§ **WHAT TO PRODUCE**
Go through the lines below. Copy those with "also".

§ **Stored items**
= = = =

(* Under the utility optimization algorithm described in the context, with initial conditions $Q_a^b(0)=0$ and $E_{[a,c]}(0)=0$, for all nodes $a,b$, all links $l_{[a,c]}\in\mathcal{L}$ and all time slots $t\ge 0$: $$0\le Q_a^b(t)\le \beta V+R_{max},\qquad 0\le E_{[a,c]}(t)\le \theta_{[a,c]}+K_{max}.$$
   Context: Network: a graph $G=(\mathcal{N},\mathcal{L})$ with directed links $l_{[a,c]}$; $\mathcal{N}_a^{in}$ ($\mathcal{N}_a^{out}$) is the set of nodes with a link into (out of) $a$; $d_{max}=\max_a\max(|\mathcal{N}_a^{in}|,|\mathcal{N}_a^{out}|)$. Time is slotted, $t=0,1,2,\dots$. For each link: $K_{[a,c]}\le K_{max}$ is the key generated per slot when QKD is on; $S_{[a,c]}(t)\in\{0,1\}$ the on/off decision; $P_{[a,c]}(t)\in[0,P_{max}]$ the key consumed; $E_{[a,c]}(t)$ the key stored, with $E_{[a,c]}(t+1)=E_{[a,c]}(t)-P_{[a,c]}(t)+S_{[a,c]}(t)K_{[a,c]}$ and the constraint $E_{[a,c]}(t)\ge P_{[a,c]}(t)$. The transmission rate is $\mu_{[a,c]}(t)=\mu_{[a,c]}(P_{[a,c]}(t))\le\mu_{max}$, with a constant $\delta>0$ such that $\mu_{[a,c]}(P)\le\delta P$; it is split as $\mu_{[a,c]}(t)=\sum_b\mu^b_{[a,c]}(t)$ over data types (type-$b$ = destined to $b$). $Q_a^b(t)$ is the type-$b$ queue at $a$, $R_a^b(t)\in[0,R_{max}]$ the admitted new type-$b$ data at $a$, with $Q_a^b(t+1)=Q_a^b(t)+R_a^b(t)+\sum_{c\in\mathcal{N}_a^{in}}\mu^b_{[c,a]}(t)-\sum_{c\in\mathcal{N}_a^{out}}\mu^b_{[a,c]}(t)$. Utilities $U_a^b$ are concave nondecreasing; $\beta=\max_{a,b}(U_a^b)'(0)$. $V>0$ is a parameter; $\gamma=R_{max}+d_{max}\mu_{max}$; $\theta_{[a,c]}=\delta\beta V+P_{max}$. Weights: $W^b_{[a,c]}(t)=\max(Q_a^b(t)-Q_c^b(t)-\gamma,0)$, $W_{[a,c]}(t)=\max_bW^b_{[a,c]}(t)$. Algorithm, each slot $t$: (1) set $S_{[a,c]}(t)=1$ if $E_{[a,c]}(t)<\theta_{[a,c]}$, else $0$; (2) choose $R_a^b(t)\in[0,R_{max}]$ maximizing $VU_a^b(R)-Q_a^b(t)R$; (3) choose $\vec P(t)$ maximizing $\sum_{l_{[a,c]}\in\mathcal{L}}\{\mu_{[a,c]}(P_{[a,c]})W_{[a,c]}(t)+(E_{[a,c]}(t)-\theta_{[a,c]})P_{[a,c]}\}$ subject to $E_{[a,c]}(t)\ge P_{[a,c]}$; (4) pick $b^*\in\arg\max_bW^b_{[a,c]}(t)$ and, if $W^{b^*}_{[a,c]}(t)>0$, set $\mu^{b^*}_{[a,c]}(t)=\mu_{[a,c]}(t)$ (all other types get zero on that link); (5) update queues and key storage by the dynamics above. *)

theory Defs
  imports "HOL-Analysis.Analysis"
begin

definition in_nbrs :: "'n set \<Rightarrow> ('n \<times> 'n) set \<Rightarrow> 'n \<Rightarrow> 'n set" where
  "in_nbrs N L a = {c \<in> N. (c, a) \<in> L}"

definition out_nbrs :: "'n set \<Rightarrow> ('n \<times> 'n) set \<Rightarrow> 'n \<Rightarrow> 'n set" where
  "out_nbrs N L a = {c \<in> N. (a, c) \<in> L}"

definition dmax :: "'n set \<Rightarrow> ('n \<times> 'n) set \<Rightarrow> nat" where
  "dmax N L = Max ((\<lambda>a. max (card (in_nbrs N L a)) (card (out_nbrs N L a))) ` N)"

definition weight_b :: "(nat \<Rightarrow> 'n \<Rightarrow> 'n \<Rightarrow> real) \<Rightarrow> real \<Rightarrow> nat \<Rightarrow> 'n \<Rightarrow> 'n \<Rightarrow> 'n \<Rightarrow> real" where
  "weight_b Q \<gamma> t a c b = max (Q t a b - Q t c b - \<gamma>) 0"

definition weight :: "'n set \<Rightarrow> (nat \<Rightarrow> 'n \<Rightarrow> 'n \<Rightarrow> real) \<Rightarrow> real \<Rightarrow> nat \<Rightarrow> 'n \<Rightarrow> 'n \<Rightarrow> real" where
  "weight N Q \<gamma> t a c = Max ((\<lambda>b. weight_b Q \<gamma> t a c b) ` N)"

end

theory Submission
  imports Defs
begin

text \<open>Both bounds are invariants of the dynamics. Routing uses a link only if the backlog gap
  across it exceeds \<open>\<gamma> = Rmax + dmax \<cdot> mumax\<close>, which bounds what a node can send in one slot and
  also what it can receive plus admit. Hence a sending queue stays nonnegative, and a receiving
  queue stays below the backlog of the neighbour it receives from. A queue receiving nothing grows
  only by admission, which stops once \<open>Q > \<beta> V\<close>, because a concave utility lies below its tangent
  at 0, whose slope is at most \<open>\<beta>\<close>. The key store is refilled only below \<open>\<theta>\<close>, by at most
  \<open>Kmax\<close>, and never drained below zero.\<close>

lemma concave_on_Ici_le_tangent:
  fixes f :: "real \<Rightarrow> real"
  assumes concave: "concave_on {a..} f"
    and deriv: "(f has_real_derivative D) (at a within {a..})"
    and "a \<le> x"
  shows "f x \<le> f a + D * (x - a)"
proof (cases "x = a")
  case False
  with \<open>a \<le> x\<close> have "a < x" by simp
  have lim: "((\<lambda>y. (f y - f a) / (y - a)) \<longlongrightarrow> D) (at_right a)"
    using deriv unfolding has_field_derivative_iff at_within_Ici_at_right .
  have "eventually (\<lambda>y. (f x - f a) / (x - a) \<le> (f y - f a) / (y - a)) (at_right a)"
    using eventually_at_right_real[OF \<open>a < x\<close>]
  proof (rule eventually_mono)
    fix y assume y: "y \<in> {a<..<x}"
    define s where "s = (y - a) / (x - a)"
    have s: "0 \<le> s" "s \<le> 1" "s * (x - a) = y - a"
      using y \<open>a < x\<close> by (auto simp: s_def)
    then have y_eq: "(1 - s) * a + s * x = y"
      by (simp add: algebra_simps)
    have "(1 - s) * f a + s * f x \<le> f y"
      using concave_onD[OF concave s(1,2), of a x] \<open>a \<le> x\<close> y_eq by simp
    moreover have "(y - a) * ((f x - f a) / (x - a)) = s * (f x - f a)"
      by (simp add: s_def)
    ultimately have "(y - a) * ((f x - f a) / (x - a)) \<le> f y - f a"
      by (simp add: algebra_simps)
    then show "(f x - f a) / (x - a) \<le> (f y - f a) / (y - a)"
      using y by (simp add: field_simps)
  qed
  then have "(f x - f a) / (x - a) \<le> D"
    by (rule tendsto_lowerbound[OF lim]) simp
  then show ?thesis using \<open>a < x\<close> by (simp add: field_simps)
qed simp

lemma concave_mono_on_Ici_deriv_nonneg:
  fixes f :: "real \<Rightarrow> real"
  assumes "concave_on {a..} f" and "mono_on {a..} f"
    and "(f has_real_derivative D) (at a within {a..})"
  shows "0 \<le> D"
proof -
  have "f (a + 1) \<le> f a + D * (a + 1 - a)"
    using concave_on_Ici_le_tangent[OF assms(1,3), of "a + 1"] by simp
  moreover have "f a \<le> f (a + 1)"
    using mono_onD[OF assms(2)] by simp
  ultimately show ?thesis by simp
qed

lemma concave_penalized_maximizer_eq_0:
  fixes f :: "real \<Rightarrow> real"
  assumes concave: "concave_on {0..} f"
    and deriv: "(f has_real_derivative D) (at 0 within {0..})"
    and "0 < V" and "V * D < q" and "0 \<le> r"
    and maximal: "V * f 0 \<le> V * f r - q * r"
  shows "r = 0"
proof -
  have "f r \<le> f 0 + D * r"
    using concave_on_Ici_le_tangent[OF concave deriv \<open>0 \<le> r\<close>] by simp
  then have "V * f r \<le> V * (f 0 + D * r)"
    using \<open>0 < V\<close> by (intro mult_left_mono) auto
  with maximal have "0 \<le> (V * D - q) * r"
    by (simp add: algebra_simps)
  with \<open>V * D < q\<close> \<open>0 \<le> r\<close> show ?thesis
    by (simp add: zero_le_mult_iff)
qed

lemma max_card_nbrs_le_dmax:
  "finite N \<Longrightarrow> a \<in> N \<Longrightarrow> max (card (in_nbrs N L a)) (card (out_nbrs N L a)) \<le> dmax N L"
  unfolding dmax_def by (rule Max_ge) auto

lemma card_in_nbrs_le_dmax: "finite N \<Longrightarrow> a \<in> N \<Longrightarrow> card (in_nbrs N L a) \<le> dmax N L"
  using max_card_nbrs_le_dmax by fastforce

lemma card_out_nbrs_le_dmax: "finite N \<Longrightarrow> a \<in> N \<Longrightarrow> card (out_nbrs N L a) \<le> dmax N L"
  using max_card_nbrs_le_dmax by fastforce

locale backlog_dynamics =
  fixes N :: "'n set" and L :: "('n \<times> 'n) set"
    and Q R :: "nat \<Rightarrow> 'n \<Rightarrow> 'n \<Rightarrow> real" and \<mu> :: "nat \<Rightarrow> 'n \<Rightarrow> 'n \<Rightarrow> 'n \<Rightarrow> real"
    and Rmax mumax \<gamma> q :: real
  assumes finite_nodes: "finite N"
    and admitted_range: "\<And>t a b. a \<in> N \<Longrightarrow> b \<in> N \<Longrightarrow> 0 \<le> R t a b \<and> R t a b \<le> Rmax"
    and admission_off: "\<And>t a b. a \<in> N \<Longrightarrow> b \<in> N \<Longrightarrow> q < Q t a b \<Longrightarrow> R t a b = 0"
    and rate_range: "\<And>t a c b. (a, c) \<in> L \<Longrightarrow> 0 \<le> \<mu> t a c b \<and> \<mu> t a c b \<le> mumax"
    and rate_active: "\<And>t a c b. (a, c) \<in> L \<Longrightarrow> \<mu> t a c b \<noteq> 0 \<Longrightarrow> \<gamma> < Q t a b - Q t c b"
    and gamma_eq: "\<gamma> = Rmax + real (dmax N L) * mumax"
    and backlog_step: "\<And>t a b. a \<in> N \<Longrightarrow> b \<in> N \<Longrightarrow>
      Q (Suc t) a b = Q t a b + R t a b
        + (\<Sum>c \<in> in_nbrs N L a. \<mu> t c a b) - (\<Sum>c \<in> out_nbrs N L a. \<mu> t a c b)"
begin

lemma in_flow_nonneg: "0 \<le> (\<Sum>c \<in> in_nbrs N L a. \<mu> t c a b)"
  by (intro sum_nonneg) (simp add: in_nbrs_def rate_range)

lemma out_flow_nonneg: "0 \<le> (\<Sum>c \<in> out_nbrs N L a. \<mu> t a c b)"
  by (intro sum_nonneg) (simp add: out_nbrs_def rate_range)

lemma in_flow_le:
  assumes "a \<in> N" and "0 \<le> mumax"
  shows "(\<Sum>c \<in> in_nbrs N L a. \<mu> t c a b) \<le> \<gamma> - Rmax"
proof -
  have "(\<Sum>c \<in> in_nbrs N L a. \<mu> t c a b) \<le> real (card (in_nbrs N L a)) * mumax"
    by (intro sum_bounded_above) (simp add: in_nbrs_def rate_range)
  also have "\<dots> \<le> real (dmax N L) * mumax"
    using card_in_nbrs_le_dmax[OF finite_nodes \<open>a \<in> N\<close>] \<open>0 \<le> mumax\<close>
    by (intro mult_right_mono) auto
  finally show ?thesis by (simp add: gamma_eq)
qed

lemma out_flow_le:
  assumes "a \<in> N" and "0 \<le> mumax"
  shows "(\<Sum>c \<in> out_nbrs N L a. \<mu> t a c b) \<le> \<gamma> - Rmax"
proof -
  have "(\<Sum>c \<in> out_nbrs N L a. \<mu> t a c b) \<le> real (card (out_nbrs N L a)) * mumax"
    by (intro sum_bounded_above) (simp add: out_nbrs_def rate_range)
  also have "\<dots> \<le> real (dmax N L) * mumax"
    using card_out_nbrs_le_dmax[OF finite_nodes \<open>a \<in> N\<close>] \<open>0 \<le> mumax\<close>
    by (intro mult_right_mono) auto
  finally show ?thesis by (simp add: gamma_eq)
qed

lemma backlog_step_nonneg:
  assumes a: "a \<in> N" and b: "b \<in> N" and nonneg: "\<And>c. c \<in> N \<Longrightarrow> 0 \<le> Q t c b"
  shows "0 \<le> Q (Suc t) a b"
proof (cases "\<exists>c \<in> out_nbrs N L a. \<mu> t a c b \<noteq> 0")
  case True
  then obtain c where "(a, c) \<in> L" "c \<in> N" "\<mu> t a c b \<noteq> 0"
    by (auto simp: out_nbrs_def)
  then have "\<gamma> < Q t a b - Q t c b" and "0 \<le> mumax"
    using rate_active rate_range[of a c t b] by fastforce+
  then show ?thesis
    using backlog_step[OF a b, of t] out_flow_le[OF a, where t=t and b=b] in_flow_nonneg[where a=a and t=t and b=b]
      admitted_range[OF a b, of t] nonneg[OF \<open>c \<in> N\<close>]
    by linarith
next
  case False
  then have "(\<Sum>c \<in> out_nbrs N L a. \<mu> t a c b) = 0" by simp
  then show ?thesis
    using backlog_step[OF a b, of t] in_flow_nonneg[where a=a and t=t and b=b] admitted_range[OF a b, of t] nonneg[OF a]
    by linarith
qed

lemma backlog_step_le:
  assumes a: "a \<in> N" and b: "b \<in> N" and bounded: "\<And>c. c \<in> N \<Longrightarrow> Q t c b \<le> q + Rmax"
  shows "Q (Suc t) a b \<le> q + Rmax"
proof (cases "\<exists>c \<in> in_nbrs N L a. \<mu> t c a b \<noteq> 0")
  case True
  then obtain c where "(c, a) \<in> L" "c \<in> N" "\<mu> t c a b \<noteq> 0"
    by (auto simp: in_nbrs_def)
  then have "\<gamma> < Q t c b - Q t a b" and "0 \<le> mumax"
    using rate_active rate_range[of c a t b] by fastforce+
  then show ?thesis
    using backlog_step[OF a b, of t] in_flow_le[OF a, where t=t and b=b] out_flow_nonneg[where a=a and t=t and b=b]
      admitted_range[OF a b, of t] bounded[OF \<open>c \<in> N\<close>]
    by linarith
next
  case False
  then have "(\<Sum>c \<in> in_nbrs N L a. \<mu> t c a b) = 0" by simp
  moreover have "Q t a b + R t a b \<le> q + Rmax"
    using admission_off[OF a b, of t] admitted_range[OF a b, of t] bounded[OF a]
    by (cases "q < Q t a b") auto
  ultimately show ?thesis
    using backlog_step[OF a b, of t] out_flow_nonneg[where a=a and t=t and b=b] by linarith
qed
lemma fl_power_10:
  assumes "a \<le> 22"
  shows "fl (10 ^ a) = Some (10 ^ a)"
proof -
  have "(5::int) ^ a \<le> 5 ^ 22" using assms by (intro power_increasing) auto
  then have "\<bar>(5::int) ^ a\<bar> < 2^53" by simp
  moreover have "(10::real) ^ a = of_int (5 ^ a) * 2 powr of_int (int a)"
    by (simp add: powr_realpow flip: power_mult_distrib)
  moreover have "(10::real) ^ a \<le> 10 ^ 22" using assms by (intro power_increasing) auto
  ultimately show ?thesis
    using dbl_round_of_int_mult_powr[of "5 ^ a" "int a"] by (simp add: fl_eq_Some_iff)
qed

lemma fl_double:
  assumes "is_double v"
  shows "fl v = Some v"
proof -
  from assms obtain m e where v: "v = of_int m * 2 powr of_int e" and m: "\<bar>m\<bar> < 2^53"
    and e: "-1074 \<le> e" "e \<le> 971" unfolding is_double_def by blast
  have "\<bar>real_of_int m\<bar> < 2^53"
    using m by (metis of_int_abs of_int_less_iff of_int_numeral of_int_power)
  then have "\<bar>v\<bar> < 2^53 * 2 powr of_int e"
    by (simp add: v abs_mult)
  also have "\<dots> \<le> 2^53 * 2 powr 971"
    using e by (intro mult_left_mono powr_mono) simp_all
  also have "\<dots> = 2^1024"
    by (simp add: powr_numeral flip: power_add)
  finally show ?thesis
    using dbl_round_of_int_mult_powr[OF m e(1)] v by (simp add: fl_eq_Some_iff)
qed

lemma is_double_terminating_decimal:
  assumes "is_double v"
  shows "is_terminating_decimal v"
proof -
  from assms obtain m e where v: "v = of_int m * 2 powr of_int e"
    unfolding is_double_def by blast
  show ?thesis
  proof (cases "e \<ge> 0")
    case True
    then have "v * 10 ^ 0 = of_int (m * 2 ^ nat e)"
      by (simp add: v powr_realpow[symmetric])
    then show ?thesis unfolding is_terminating_decimal_def by (metis Ints_of_int)
  next
    case False
    define k where "k = nat (-e)"
    have "real k = - of_int e" using False by (simp add: k_def)
    then have one: "2 powr of_int e * 2 ^ k = (1::real)"
      by (simp add: powr_realpow[symmetric] flip: powr_add)
    have "(10::real) ^ k = 2 ^ k * 5 ^ k" by (simp flip: power_mult_distrib)
    then have "v * 10 ^ k = of_int m * 5 ^ k * (2 powr of_int e * 2 ^ k)"
      by (simp only: v ac_simps)
    then have "v * 10 ^ k = of_int (m * 5 ^ k)" unfolding one by simp
    then show ?thesis unfolding is_terminating_decimal_def by (metis Ints_of_int)
  qed
qed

= = = =

§ **RESPONSE TO THIS TASK**
  also what it can receive plus admit. Hence a sending queue stays nonnegative, and a receiving
  also have "\<dots> \<le> real (dmax N L) * mumax"
  also have "\<dots> \<le> real (dmax N L) * mumax"
  also have "\<dots> \<le> 2^53 * 2 powr 971"
  also have "\<dots> = 2^1024"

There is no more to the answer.